Exactly as they stand, set down the following records once more.

§ §

lemma cond_success_prob_le_opt_value:
  assumes \<tau>: "stopping_time n \<tau>"
    and "a \<le> Suc n" "1 \<le> a" "\<And>\<omega>. a \<le> \<tau> (override_prefix a h \<omega>)"
  shows "cond_success_prob D n \<tau> a h \<le> opt_value p n a"
  using assms(2-)
proof (induction a arbitrary: h rule: inc_induct)
  case base
  then have "Suc n \<le> \<tau> (override_prefix (Suc n) h (\<lambda>_. 0))"
    by blast
  then show ?case
    using stopping_time_range[OF \<tau>, of "override_prefix (Suc n) h (\<lambda>_. 0)"] by simp
next
  case (step m)
  let ?v = "opt_value p n (Suc m)" and ?V = "(1 - p) ^ (n - m)"
  have bound: "cond_success_prob D n \<tau> (Suc m) (h(m := y)) \<le> (if y = 0 then ?v else max ?V ?v)" for y
  proof (cases rule: stopping_time_stops_now_or_later[OF \<tau> step.prems(1,2), where y = y])
    case 1
    then have "cond_success_prob D n \<tau> (Suc m) (h(m := y)) = (if y \<in> {-1, 1} then ?V else 0)"
      by (rule cond_success_prob_stopped'[OF \<open>1 \<le> m\<close>])
    then show ?thesis
      using opt_value_nonneg[of "Suc m"] by (auto simp: le_max_iff_disj)
  next
    case 2
    have "cond_success_prob D n \<tau> (Suc m) (h(m := y)) \<le> ?v"
      by (rule step.IH) (simp, rule 2)
    then show ?thesis
      by (auto simp: le_max_iff_disj)
  qed
  have "cond_success_prob D n \<tau> m h \<le> p * max ?V ?v + (1 - 2 * p) * ?v + p * max ?V ?v"
    unfolding cond_success_prob_recursion[OF step.prems(1) step.hyps(2)[simplified less_Suc_eq_le]]
    using p bound[of "-1"] bound[of 0] bound[of 1] by (intro add_mono mult_left_mono) auto
  also have "\<dots> \<le> opt_value p n m"
    using opt_value_Bellman[OF step.prems(1)] step.hyps(2) by (simp add: algebra_simps)
  finally show ?case .
qed

lemma cond_success_prob_threshold_rule:
  assumes "a \<le> Suc n" "1 \<le> a" "\<And>i. threshold p n \<le> i \<Longrightarrow> i < a \<Longrightarrow> h i \<notin> {-1, 1}"
  shows "cond_success_prob D n (threshold_rule (threshold p n) n) a h = opt_value p n a"
  using assms
proof (induction a arbitrary: h rule: inc_induct)
  case base
  have "\<not> success n (threshold_rule (threshold p n) n) (override_prefix (Suc n) h f)" for f
  proof -
    have none: "override_prefix (Suc n) h f m \<notin> {-1, 1}" if "threshold p n \<le> m" "m \<le> n" for m
      using base.prems(2) that threshold_bounds by (auto simp: override_prefix_def)
    then have "threshold_rule (threshold p n) n (override_prefix (Suc n) h f) = n"
      by (rule threshold_rule_eq_last)
    with none[of n] threshold_bounds show ?thesis
      by (auto simp: success_def)
  qed
  then show ?case
    by (simp add: cond_success_prob_def opt_value_after_last)
next
  case (step m)
  let ?s = "threshold p n" and ?v = "opt_value p n (Suc m)"
  have next_value: "cond_success_prob D n (threshold_rule ?s n) (Suc m) (h(m := y)) =
                 (if ?s \<le> m \<and> y \<in> {-1, 1} then (1 - p) ^ (n - m) else ?v)" for y
  proof (cases "?s \<le> m \<and> y \<in> {-1, 1}")
    case True
    have "threshold_rule ?s n (override_prefix (Suc m) (h(m := y)) f) = m" for f
      using True step.hyps step.prems threshold_bounds
      by (intro threshold_rule_eqI) (auto simp: override_prefix_def)
    with True show ?thesis
      using cond_success_prob_stopped'[OF step.prems(1)] by simp
  next
    case False
    have "cond_success_prob D n (threshold_rule ?s n) (Suc m) (h(m := y)) = ?v"
      using False step.prems(2) by (intro step.IH) (auto simp: less_Suc_eq)
    with False show ?thesis
      by auto
  qed
  have m_le_n: "m \<le> n"
    using step.hyps(2) by simp
  show ?case
  proof (cases "?s \<le> m")
    case True
    then show ?thesis
      unfolding cond_success_prob_recursion[OF step.prems(1) m_le_n] next_value
      using opt_value_from_threshold(2)[OF True m_le_n] by (simp add: algebra_simps)
  next
    case False
    then show ?thesis
      unfolding cond_success_prob_recursion[OF step.prems(1) m_le_n] next_value
      using opt_value_before_threshold(1)[OF step.prems(1)] by (simp add: algebra_simps)
  qed
qed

§ §

◆ Output of the task
lemma cond_success_prob_le_opt_value:
  assumes \<tau>: "stopping_time n \<tau>"
    and "a \<le> Suc n" "1 \<le> a" "\<And>\<omega>. a \<le> \<tau> (override_prefix a h \<omega>)"
  shows "cond_success_prob D n \<tau> a h \<le> opt_value p n a"
  using assms(2-)
proof (induction a arbitrary: h rule: inc_induct)
  case base
  then have "Suc n \<le> \<tau> (override_prefix (Suc n) h (\<lambda>_. 0))"
    by blast
  then show ?case
    using stopping_time_range[OF \<tau>, of "override_prefix (Suc n) h (\<lambda>_. 0)"] by simp
next
  case (step m)
  let ?v = "opt_value p n (Suc m)" and ?V = "(1 - p) ^ (n - m)"
  have bound: "cond_success_prob D n \<tau> (Suc m) (h(m := y)) \<le> (if y = 0 then ?v else max ?V ?v)" for y
  proof (cases rule: stopping_time_stops_now_or_later[OF \<tau> step.prems(1,2), where y = y])
    case 1
    then have "cond_success_prob D n \<tau> (Suc m) (h(m := y)) = (if y \<in> {-1, 1} then ?V else 0)"
      by (rule cond_success_prob_stopped'[OF \<open>1 \<le> m\<close>])
    then show ?thesis
      using opt_value_nonneg[of "Suc m"] by (auto simp: le_max_iff_disj)
  next
    case 2
    have "cond_success_prob D n \<tau> (Suc m) (h(m := y)) \<le> ?v"
      by (rule step.IH) (simp, rule 2)
    then show ?thesis
      by (auto simp: le_max_iff_disj)
  qed
  have "cond_success_prob D n \<tau> m h \<le> p * max ?V ?v + (1 - 2 * p) * ?v + p * max ?V ?v"
    unfolding cond_success_prob_recursion[OF step.prems(1) step.hyps(2)[simplified less_Suc_eq_le]]
    using p bound[of "-1"] bound[of 0] bound[of 1] by (intro add_mono mult_left_mono) auto
  also have "\<dots> \<le> opt_value p n m"
    using opt_value_Bellman[OF step.prems(1)] step.hyps(2) by (simp add: algebra_simps)
  finally show ?case .
qed

lemma cond_success_prob_threshold_rule:
  assumes "a \<le> Suc n" "1 \<le> a" "\<And>i. threshold p n \<le> i \<Longrightarrow> i < a \<Longrightarrow> h i \<notin> {-1, 1}"
  shows "cond_success_prob D n (threshold_rule (threshold p n) n) a h = opt_value p n a"
  using assms
proof (induction a arbitrary: h rule: inc_induct)
  case base
  have "\<not> success n (threshold_rule (threshold p n) n) (override_prefix (Suc n) h f)" for f
  proof -
    have none: "override_prefix (Suc n) h f m \<notin> {-1, 1}" if "threshold p n \<le> m" "m \<le> n" for m
      using base.prems(2) that threshold_bounds by (auto simp: override_prefix_def)
    then have "threshold_rule (threshold p n) n (override_prefix (Suc n) h f) = n"
      by (rule threshold_rule_eq_last)
    with none[of n] threshold_bounds show ?thesis
      by (auto simp: success_def)
  qed
  then show ?case
    by (simp add: cond_success_prob_def opt_value_after_last)
next
  case (step m)
  let ?s = "threshold p n" and ?v = "opt_value p n (Suc m)"
  have next_value: "cond_success_prob D n (threshold_rule ?s n) (Suc m) (h(m := y)) =
                 (if ?s \<le> m \<and> y \<in> {-1, 1} then (1 - p) ^ (n - m) else ?v)" for y
  proof (cases "?s \<le> m \<and> y \<in> {-1, 1}")
    case True
    have "threshold_rule ?s n (override_prefix (Suc m) (h(m := y)) f) = m" for f
      using True step.hyps step.prems threshold_bounds
      by (intro threshold_rule_eqI) (auto simp: override_prefix_def)
    with True show ?thesis
      using cond_success_prob_stopped'[OF step.prems(1)] by simp
  next
    case False
    have "cond_success_prob D n (threshold_rule ?s n) (Suc m) (h(m := y)) = ?v"
      using False step.prems(2) by (intro step.IH) (auto simp: less_Suc_eq)
    with False show ?thesis
      by auto
  qed
  have m_le_n: "m \<le> n"
    using step.hyps(2) by simp
  show ?case
  proof (cases "?s \<le> m")
    case True
    then show ?thesis
      unfolding cond_success_prob_recursion[OF step.prems(1) m_le_n] next_value
      using opt_value_from_threshold(2)[OF True m_le_n] by (simp add: algebra_simps)
  next
    case False
    then show ?thesis
      unfolding cond_success_prob_recursion[OF step.prems(1) m_le_n] next_value
      using opt_value_before_threshold(1)[OF step.prems(1)] by (simp add: algebra_simps)
  qed
qed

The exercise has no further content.